AHRQ Views: Blog posts from AHRQ leaders
AHRQ’s Digital Healthcare Research Program Is Identifying the Technology To Advance Care Quality, Safety, and Effectiveness
We know that digital healthcare technologies hold the promise of advancing healthcare quality, safety, and effectiveness. Improving performance in each of these areas is critical to AHRQ’s mission. But without rigorous research, we can’t determine which digital technologies truly help deliver better patient care. That’s what drives AHRQ’s Digital Healthcare Research (DHR) Program.
DHR is committed to identifying tools and resources that will improve health outcomes, reduce medical costs, and create a more efficient healthcare system. We do this by funding projects that address national priorities while also ensuring effectiveness through scientific rigor. In 2022, DHR managed a significant body of research: 108 grants and seven research contracts led by researchers at 69 institutions across 25 States and the District of Columbia.
Our recently released 2022 year in review, Improving Healthcare Through AHRQ’s Digital Healthcare Research, showcases several studies that focus on helping patients, providers, and health systems make more informed decisions about care options. We also note several projects that proved easily scalable across systems or that identified ways to improve uptake.
Patient engagement, a key factor in better health outcomes, is the thrust of one of our featured studies—Vanderbilt University Medical Center’s COMPACT project. Vanderbilt researchers are designing and rigorously evaluating a digital healthcare tool to help breast cancer patients better understand their treatment options, risks, and benefits. Using human-centered design techniques, COMPACT will empower patients to work with their providers to determine the best course of treatment.

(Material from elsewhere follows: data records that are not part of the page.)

lemma J_integrand_shift_le:
  assumes nonneg: "\<And>z t'. t' \<in> {0..T} \<Longrightarrow> 0 \<le> f z t'"
    and lip: "\<And>z z' t'. t' \<in> {0..T} \<Longrightarrow> \<bar>f z t' - f z' t'\<bar> \<le> \<bar>z - z'\<bar>"
    and t: "0 \<le> t" "t \<le> T" and \<omega>: "\<omega> \<in> space M"
  shows "J_integrand f z t \<omega> \<le> J_integrand f 0 t \<omega> + ennreal \<bar>z\<bar> * discount_weight lam (xi nu) sg W (T - t) \<omega>"
proof -
  let ?Z = "\<lambda>z s. Zsol r T (mu lam nu) sg W t z s \<omega>"
  let ?\<Phi> = "\<lambda>s. gbm (mu lam nu) sg (W_ext W) s \<omega>"
  let ?e = "\<lambda>s. exp (- lam * xi nu * s)"
  have Z: "?Z z s = ?Z 0 s + ?\<Phi> s * z" if "0 \<le> s" for s
    using that by (simp add: Zsol_linear[of r T _ sg W t z] gbm_W_ext)
  have \<Phi>: "0 \<le> ?\<Phi> s" for s by (simp add: less_imp_le[OF gbm_pos])
  have terminal: "ennreal (?e (T - t) * max 0 (zeta * (?Z z (T - t) - K1)))
      \<le> ennreal (?e (T - t) * max 0 (zeta * (?Z 0 (T - t) - K1)))
        + ennreal \<bar>z\<bar> * ennreal (?e (T - t) * ?\<Phi> (T - t))"
    unfolding Z[of "T - t", OF diff_ge_0_iff_ge[THEN iffD2, OF t(2)]]
    by (intro discounted_payoff_shift_le zeta exp_ge_zero \<Phi>)
  have "ennreal (?e s * lam) * Pop nu r T f (?Z z s) (t + s) * indicator {0..T - t} s
      \<le> ennreal (?e s * lam) * Pop nu r T f (?Z 0 s) (t + s) * indicator {0..T - t} s
        + ennreal \<bar>z\<bar> * (ennreal (?e s * lam * ?\<Phi> s) * indicator {0..T - t} s)" for s
  proof (cases "s \<in> {0..T - t}")
    case True
    then have "t + s \<in> {0..T}" using t by auto
    then have "Pop nu r T f (?Z 0 s + ?\<Phi> s * z) (t + s) \<le> Pop nu r T f (?Z 0 s) (t + s) + ennreal \<bar>?\<Phi> s * z\<bar>"
      by (intro Pop_lipschitz nonneg lip)
    then have "ennreal (?e s * lam) * Pop nu r T f (?Z z s) (t + s)
        \<le> ennreal (?e s * lam) * Pop nu r T f (?Z 0 s) (t + s) + ennreal (?e s * lam) * ennreal (\<bar>z\<bar> * ?\<Phi> s)"
      using True Z[of s] \<Phi>[of s] by (auto simp: abs_mult mult.commute distrib_left[symmetric] intro: mult_left_mono)
    also have "ennreal (?e s * lam) * ennreal (\<bar>z\<bar> * ?\<Phi> s) = ennreal \<bar>z\<bar> * ennreal (?e s * lam * ?\<Phi> s)"
      using lam_pos \<Phi>[of s] by (simp add: ennreal_mult[symmetric] mult_ac)
    finally show ?thesis using True by simp
  qed simp
  then have "(\<integral>\<^sup>+s\<in>{0..T - t}. ennreal (?e s * lam) * Pop nu r T f (?Z z s) (t + s) \<partial>lborel)
      \<le> (\<integral>\<^sup>+s\<in>{0..T - t}. ennreal (?e s * lam) * Pop nu r T f (?Z 0 s) (t + s) \<partial>lborel)
        + (\<integral>\<^sup>+s. ennreal \<bar>z\<bar> * (ennreal (?e s * lam * ?\<Phi> s) * indicator {0..T - t} s) \<partial>lborel)"
    using \<omega> by (intro order_trans[OF nn_integral_mono nn_integral_add_le]) (auto, measurable)
  also have "(\<integral>\<^sup>+s. ennreal \<bar>z\<bar> * (ennreal (?e s * lam * ?\<Phi> s) * indicator {0..T - t} s) \<partial>lborel)
      = ennreal \<bar>z\<bar> * (\<integral>\<^sup>+s\<in>{0..T - t}. ennreal (?e s * lam * ?\<Phi> s) \<partial>lborel)"
    using \<omega> by (intro nn_integral_cmult) measurable
  finally have running: "(\<integral>\<^sup>+s\<in>{0..T - t}. ennreal (?e s * lam) * Pop nu r T f (?Z z s) (t + s) \<partial>lborel)
      \<le> (\<integral>\<^sup>+s\<in>{0..T - t}. ennreal (?e s * lam) * Pop nu r T f (?Z 0 s) (t + s) \<partial>lborel)
        + ennreal \<bar>z\<bar> * (\<integral>\<^sup>+s\<in>{0..T - t}. ennreal (?e s * lam * ?\<Phi> s) \<partial>lborel)" .
  from add_mono[OF terminal running] show ?thesis
    unfolding J_integrand_def discount_weight_def mu_def[symmetric] by (simp add: distrib_left add_ac)
qed

lemma J_integrand_abs_le:
  assumes c: "0 \<le> c" and t: "0 \<le> t" "t \<le> T" and \<omega>: "\<omega> \<in> space M"
  shows "J_integrand (\<lambda>z t. c + \<bar>z\<bar>) 0 t \<omega>
    \<le> ennreal K1 + Zsol_majorant T (mu lam nu) sg W (T - t) \<omega>
      + (\<integral>\<^sup>+s\<in>{0..T - t}. ennreal lam * (ennreal ((c + 1) * xi nu + 1)
          + Zsol_majorant T (mu lam nu) sg W s \<omega>) \<partial>lborel)"
proof -
  let ?Z = "\<lambda>s. Zsol r T (mu lam nu) sg W t 0 s \<omega>"
  let ?e = "\<lambda>s. exp (- lam * xi nu * s)"
  have e_le_1: "?e s \<le> 1" if "0 \<le> s" for s
    using that lam_pos xi_pos by simp
  have Z: "ennreal \<bar>?Z s\<bar> \<le> Zsol_majorant T (mu lam nu) sg W s \<omega>" if "s \<in> {0..T - t}" for s
    using that t by (intro abs_Zsol_le_majorant r_pos T_pos \<omega>) auto
  have "?e (T - t) * max 0 (zeta * (?Z (T - t) - K1)) \<le> K1 + \<bar>?Z (T - t)\<bar>"
    using zeta K1_nonneg e_le_1[of "T - t"] t
    by (intro order_trans[OF mult_left_le_one_le]) (auto simp: max_def abs_if)
  then have "ennreal (?e (T - t) * max 0 (zeta * (?Z (T - t) - K1))) \<le> ennreal K1 + ennreal \<bar>?Z (T - t)\<bar>"
    using K1_nonneg by (simp add: ennreal_plus[symmetric] ennreal_leI del: ennreal_plus)
  also have "\<dots> \<le> ennreal K1 + Zsol_majorant T (mu lam nu) sg W (T - t) \<omega>"
    using Z t by (intro add_left_mono) auto
  finally have terminal: "ennreal (?e (T - t) * max 0 (zeta * (?Z (T - t) - K1)))
      \<le> ennreal K1 + Zsol_majorant T (mu lam nu) sg W (T - t) \<omega>" .
  have running: "ennreal (?e s * lam) * Pop nu r T (\<lambda>z t. c + \<bar>z\<bar>) (?Z s) (t + s) * indicator {0..T - t} s
      \<le> ennreal lam * (ennreal ((c + 1) * xi nu + 1) + Zsol_majorant T (mu lam nu) sg W s \<omega>)
        * indicator {0..T - t} s" for s
  proof (cases "s \<in> {0..T - t}")
    case True
    have "Pop nu r T (\<lambda>z t. c + \<bar>z\<bar>) (?Z s) (t + s) \<le> ennreal ((c + 1) * xi nu + 1) + ennreal \<bar>?Z s\<bar>"
      using True t c by (intro Pop_abs_bound r_pos T_pos) auto
    also have "\<dots> \<le> ennreal ((c + 1) * xi nu + 1) + Zsol_majorant T (mu lam nu) sg W s \<omega>"
      using Z[OF True] by (rule add_left_mono)
    finally show ?thesis
      using True e_le_1[of s] lam_pos by (auto intro!: mult_mono ennreal_leI mult_left_le_one_le)
  qed simp
  show ?thesis
    unfolding J_integrand_def by (intro add_mono terminal nn_integral_mono running)
qed

text \<open>Needed because \<open>enn2real\<close> maps \<open>\<infinity>\<close> to \<open>0\<close>, so a bound on \<open>Jop\<close> alone says nothing
  about an infinite expectation.\<close>

lemma nn_integral_J_integrand_abs_finite:
  assumes c: "0 \<le> c" and t: "0 \<le> t" "t \<le> T"
  shows "(\<integral>\<^sup>+\<omega>. J_integrand (\<lambda>z t. c + \<bar>z\<bar>) 0 t \<omega> \<partial>M) < \<infinity>"
proof -
  interpret prob_space M by (rule BM_prob_space)
  define C where "C = (c + 1) * xi nu + 1"
  let ?R = "Zsol_majorant T (mu lam nu) sg W"
  have "(\<integral>\<^sup>+\<omega>. ennreal K1 + ?R (T - t) \<omega> \<partial>M) \<le> ennreal K1 + ennreal (1 + 2 * exp (\<bar>mu lam nu\<bar> * T))"
    using nn_integral_Zsol_majorant[of "T - t"] t
    by (simp add: nn_integral_add emeasure_space_1 add_left_mono)
  then have terminal: "(\<integral>\<^sup>+\<omega>. ennreal K1 + ?R (T - t) \<omega> \<partial>M) < \<infinity>"
    by (simp add: le_less_trans flip: ennreal_plus)
  have running: "(\<integral>\<^sup>+\<omega>. (\<integral>\<^sup>+s\<in>{0..T - t}. ennreal lam * (ennreal C + ?R s \<omega>) \<partial>lborel) \<partial>M) < \<infinity>"
    using t c xi_pos by (intro nn_integral_integral_Zsol_majorant_finite) (auto simp: C_def)
  have "(\<integral>\<^sup>+\<omega>. J_integrand (\<lambda>z t. c + \<bar>z\<bar>) 0 t \<omega> \<partial>M)
      \<le> (\<integral>\<^sup>+\<omega>. ennreal K1 + ?R (T - t) \<omega>
           + (\<integral>\<^sup>+s\<in>{0..T - t}. ennreal lam * (ennreal C + ?R s \<omega>) \<partial>lborel) \<partial>M)"
    unfolding C_def by (intro nn_integral_mono J_integrand_abs_le c t)
  also have "\<dots> = (\<integral>\<^sup>+\<omega>. ennreal K1 + ?R (T - t) \<omega> \<partial>M)
      + (\<integral>\<^sup>+\<omega>. (\<integral>\<^sup>+s\<in>{0..T - t}. ennreal lam * (ennreal C + ?R s \<omega>) \<partial>lborel) \<partial>M)"
    by (rule nn_integral_add) measurable
  also have "\<dots> < \<infinity>"
    using terminal running by simp
  finally show ?thesis .
qed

On the provider front, the use of predictive analytics can enable proactive as opposed to reactive care. Our report highlights the University of Virginia’s PM-IMPACCT project that is testing whether providers can use artificial intelligence (AI) to identify which cardiac disease patients are most at risk for suffering dangerous complications, such as sepsis, hemorrhage, or respiratory decomposition. The project is coupling data from patient monitors, lab tests, and vital signs to alert providers to patients in need of proactive intervention.
We continue to be impressed by researchers’ ability to develop scalable tools that can be easily implemented by multiple health systems. Researchers at the University of Utah have successfully deployed a shared decision making (SDM) tool across eight Veterans Administration medical centers and the University of Utah Health. The tool, Decision Precision+, pulls electronic health record (EHR) data to provide individualized benefit and risk information for using low-dose computed tomography (LDCT) for early detection of lung cancer among individuals with a history of heavy smoking. Although the U.S. Preventative Services Task Force recommends LDCT for lung cancer screening, it is used for less than 5 percent of eligible patients. However, researchers noted a significant uptick in LDCT usage following the implementation of Decision Precision+.

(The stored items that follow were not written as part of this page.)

text \<open>A common denominator of a finite generating set of the integral closure.\<close>
lemma conductor_element: "\<exists>c\<in>R. c \<noteq> 0 \<and> elt_times c (int_closure R) \<subseteq> R"
proof -
  obtain G where G: "finite G"
    "int_closure R = {x. \<exists>a. (\<forall>g\<in>G. a g \<in> R) \<and> x = (\<Sum>g\<in>G. a g * g)}"
    using closure_fin_gen unfolding fin_gen_over_def by blast
  obtain num den where frac: "\<And>x. num x \<in> R \<and> den x \<in> R \<and> den x \<noteq> 0 \<and> x = num x / den x"
    using frac_field unfolding is_frac_field_of_def by metis
  define c where "c = prod den G"
  have "c * g \<in> R" if "g \<in> G" for g
  proof -
    have "den g * g = num g"
      using frac[of g] by (metis nonzero_mult_div_cancel_left times_divide_eq_right)
    moreover have "c * g = den g * g * prod den (G - {g})"
      using prod.remove[OF G(1) that, of den] by (simp add: c_def ac_simps)
    ultimately have "c * g = num g * prod den (G - {g})" by simp
    then show ?thesis using G(1) frac by (auto intro: subring_mult subring_prod)
  qed
  then have "c * (\<Sum>g\<in>G. a g * g) \<in> R" if "\<forall>g\<in>G. a g \<in> R" for a
    using that G(1) unfolding sum_distrib_left mult.left_commute[of c]
    by (auto intro!: subring_sum intro: subring_mult)
  moreover have "c \<in> R" "c \<noteq> 0"
    using G(1) frac by (auto simp: c_def intro: subring_prod)
  ultimately show ?thesis
    by (auto simp: G(2) elt_times_subset_iff)
qed

lemma valsemi_eventually: "\<exists>c. \<forall>m\<ge>c. m \<in> valsemi R v"
proof -
  obtain c where c: "c \<in> R" "c \<noteq> 0" "elt_times c (int_closure R) \<subseteq> R"
    using conductor_element by blast
  have "m \<in> valsemi R v" if "v c \<le> m" for m
  proof -
    obtain x where x: "x \<noteq> 0" "v x = m - v c" using val_surj by blast
    then have "c * x \<in> R"
      using c(3) that valuation_ring_iff by (auto simp: elt_times_subset_iff)
    then show ?thesis
      using x c(2) val_mult[of c x] by (auto simp: valsemi_iff intro!: bexI[of _ "c * x"])
  qed
  then show ?thesis by blast
qed

lemma aseq_cond_index_add: "aseq R v (cond_index R v + j) = aseq R v (cond_index R v) + int j"
proof -
  have "\<exists>n. \<forall>j. aseq R v (n + j) = aseq R v n + int j"
  proof -
    obtain c where c: "\<forall>m\<ge>c. m \<in> valsemi R v" using valsemi_eventually by blast
    define n where "n = nat c"
    have "aseq R v (n + j) = aseq R v n + int j" for j
    proof (induction j)
      case (Suc j)
      have "c \<le> aseq R v (n + j) + 1"
        using of_nat_le_aseq[of "n + j"] n_def by linarith
      then have "aseq R v (Suc (n + j)) \<le> aseq R v (n + j) + 1"
        using c aseq_Suc_le by simp
      moreover have "aseq R v (n + j) < aseq R v (Suc (n + j))"
        using aseq_less_iff by simp
      ultimately show ?case using Suc by simp
    qed simp
    then show ?thesis by blast
  qed
  then show ?thesis unfolding cond_index_def by (rule LeastI_ex[THEN spec])
qed

lemma mem_valsemi_if_ge_conductor: "aseq R v (cond_index R v) \<le> m \<Longrightarrow> m \<in> valsemi R v"
  using aseq_cond_index_add[of "nat (m - aseq R v (cond_index R v))"]
    aseq_in_valsemi[of "cond_index R v + nat (m - aseq R v (cond_index R v))"]
  by simp

text \<open>Otherwise \<open>a\<^sub>n\<^sub>-\<^sub>1 = a\<^sub>n - 1\<close> and \<open>n - 1\<close> would already have the defining property of \<open>n\<close>.\<close>
lemma conductor_pred_notin_valsemi:
  assumes "0 < cond_index R v"
  shows "aseq R v (cond_index R v) - 1 \<notin> valsemi R v"
proof
  let ?n = "cond_index R v"
  assume "aseq R v ?n - 1 \<in> valsemi R v"
  moreover have "aseq R v (?n - 1) < aseq R v ?n"
    using assms aseq_less_iff by simp
  ultimately have "aseq R v (?n - 1) = aseq R v ?n - 1"
    using aseq_Suc_le[of "aseq R v ?n - 1" "?n - 1"] assms by fastforce
  then have "\<forall>j. aseq R v (?n - 1 + j) = aseq R v (?n - 1) + int j"
  proof (intro allI)
    fix j
    show "aseq R v (?n - 1 + j) = aseq R v (?n - 1) + int j"
    proof (cases j)
      case (Suc k)
      then show ?thesis
        using assms aseq_cond_index_add[of k] \<open>aseq R v (?n - 1) = aseq R v ?n - 1\<close> by simp
    qed simp
  qed
  then have "?n \<le> ?n - 1"
    unfolding cond_index_def by (rule Least_le)
  then show False using assms by simp
qed

abbreviation I :: "nat \<Rightarrow> 'k set" where
  "I j \<equiv> Iideal R v j"

lemma Iideal_iff: "x \<in> I j \<longleftrightarrow> x \<in> R \<and> (x = 0 \<or> aseq R v j \<le> v x)"
  unfolding Iideal_def by auto

lemma Iideal_zero [simp]: "0 \<in> I j"
  by (simp add: Iideal_iff)

lemma Iideal_subset: "I j \<subseteq> R"
  using Iideal_iff by blast

lemma is_submodule_Iideal: "is_submodule R (I j)"
proof (rule is_submoduleI)
  show "x + y \<in> I j" if "x \<in> I j" "y \<in> I j" for x y
    using that val_add_ge[of x y] by (cases "x = 0 \<or> y = 0 \<or> x + y = 0")
      (auto simp: Iideal_iff intro: subring_add)
  show "r * x \<in> I j" if "r \<in> R" "x \<in> I j" for r x
  proof (cases "r = 0 \<or> x = 0")
    case False
    then show ?thesis
      using that val_mult[of r x] val_nonneg[of r] by (auto simp: Iideal_iff intro: subring_mult)
  qed auto
qed simp

lemma Iideal_antimono: "j \<le> k \<Longrightarrow> I k \<subseteq> I j"
  using aseq_le_iff[of j k] by (auto simp: Iideal_iff)

lemma Iideal_SucI: "x \<in> R \<Longrightarrow> x \<noteq> 0 \<Longrightarrow> aseq R v j < v x \<Longrightarrow> x \<in> I (Suc j)"
  using aseq_Suc_le[OF val_mem_valsemi] by (simp add: Iideal_iff)

text \<open>This is where \<open>k \<cong> R\<^sub>b\<^sub>a\<^sub>r/n\<close> enters: the leading coefficient of \<open>x / Q\<close> lifts to \<open>R\<close>.\<close>
lemma Iideal_peel:
  assumes Q: "Q \<in> R" "Q \<noteq> 0" "v Q = aseq R v j" and x: "x \<in> I j"
  shows "\<exists>r\<in>R. x - r * Q \<in> I (Suc j)"
proof (cases "x = 0")
  case True
  then show ?thesis by (intro bexI[of _ 0]) auto
next
  case False
  then have "0 \<le> v (x / Q)" using x Q val_divide by (simp add: Iideal_iff)
  then obtain r where r: "r \<in> R" "x / Q = r \<or> 0 < v (x / Q - r)"
    using residue_lift by blast
  have eq: "x - r * Q = (x / Q - r) * Q" using Q(2) by (simp add: field_simps)
  have "x - r * Q \<in> I (Suc j)"
  proof (cases "x / Q = r")
    case True
    then show ?thesis using eq by simp
  next
    case False
    then have "aseq R v j < v (x - r * Q)"
      using r(2) eq val_mult[of "x / Q - r" Q] Q by simp
    moreover have "x - r * Q \<noteq> 0" using eq False Q(2) by simp
    moreover have "x - r * Q \<in> R"
      using subring_diff[OF subsetD[OF Iideal_subset x] subring_mult[OF r(1) Q(1)]] .
    ultimately show ?thesis using Iideal_SucI by blast
  qed
  then show ?thesis using r(1) by blast
qed

lemma Iideal_inverse_stable:
  "elt_times e (I j) \<subseteq> I j \<Longrightarrow> e \<noteq> 0 \<Longrightarrow> v e = 0 \<Longrightarrow> elt_times (inverse e) (I j) \<subseteq> I j"
  using integral_over_if_val_nonneg[of "inverse e"] val_inverse[of e]
  by (intro integral_inverse_stable[OF is_submodule_Iideal]) auto

lemma mult_Iideal_Suc:
  assumes "0 < v w" "elt_times w (I j) \<subseteq> R"
  shows "elt_times w (I j) \<subseteq> I (Suc j)"
  unfolding elt_times_subset_iff
proof
  fix x assume x: "x \<in> I j"
  show "w * x \<in> I (Suc j)"
  proof (cases "w = 0 \<or> x = 0")
    case False
    then have "aseq R v j < v (w * x)" using x assms(1) val_mult by (auto simp: Iideal_iff)
    then show ?thesis using assms(2) x False by (auto simp: elt_times_subset_iff intro: Iideal_SucI)
  qed (auto simp: Iideal_iff)
qed

text \<open>An element of negative value cannot multiply \<open>I\<^sub>j \<supseteq> I\<^sub>n\<close> into \<open>R\<close>: it would
  produce the gap \<open>a\<^sub>n - 1\<close> of the value semigroup.\<close>
lemma val_nonneg_if_mult_Iideal:
  assumes "j \<le> cond_index R v" "0 < cond_index R v" "y \<noteq> 0" and y: "elt_times y (I j) \<subseteq> R"
  shows "0 \<le> v y"
proof (rule ccontr)
  let ?c = "aseq R v (cond_index R v)"
  assume "\<not> 0 \<le> v y"
  then have "?c - 1 - v y \<in> valsemi R v" by (intro mem_valsemi_if_ge_conductor) simp
  then obtain x where x: "x \<in> R" "x \<noteq> 0" "v x = ?c - 1 - v y" by (auto simp: valsemi_iff)
  have "aseq R v j \<le> ?c" using assms(1) aseq_le_iff by simp
  then have "x \<in> I j" using x \<open>\<not> 0 \<le> v y\<close> by (auto simp: Iideal_iff)
  then have "y * x \<in> R" using y by (auto simp: elt_times_subset_iff)
  then have "?c - 1 \<in> valsemi R v"
    using x assms(3) val_mult[of y x] by (auto simp: valsemi_iff intro!: bexI[of _ "y * x"])
  then show False using conductor_pred_notin_valsemi[OF assms(2)] by simp
qed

These are just a few of the many groundbreaking digital healthcare technologies that DHR-funded researchers examined this year. As we look ahead, we see both the need and opportunity to accelerate research in novel and fast-growing fields, such as AI.
As outlined in a Research Spotlight in the 2022 DHR review, the lag in adoption of AI-enabled health technologies buys some time for researchers to leverage proven methodologies to develop an evidence base to guide implementation. We also see a need to explore new, nimble funding mechanisms to support healthcare AI research projects. DHR is already tackling important research questions around AI for interpreting diagnostic imaging, predictive monitoring, and optimizing critical care. While much work remains ahead, we are eager to tackle these challenges.
As we wrap up another year, I am excited to see how these projects will help AHRQ achieve the improvements in care that patients deserve and fulfill the promise of current and future investments in digital solutions to the Nation’s healthcare challenges.
Chris Dymek is director of AHRQ’s Digital Healthcare Research Program.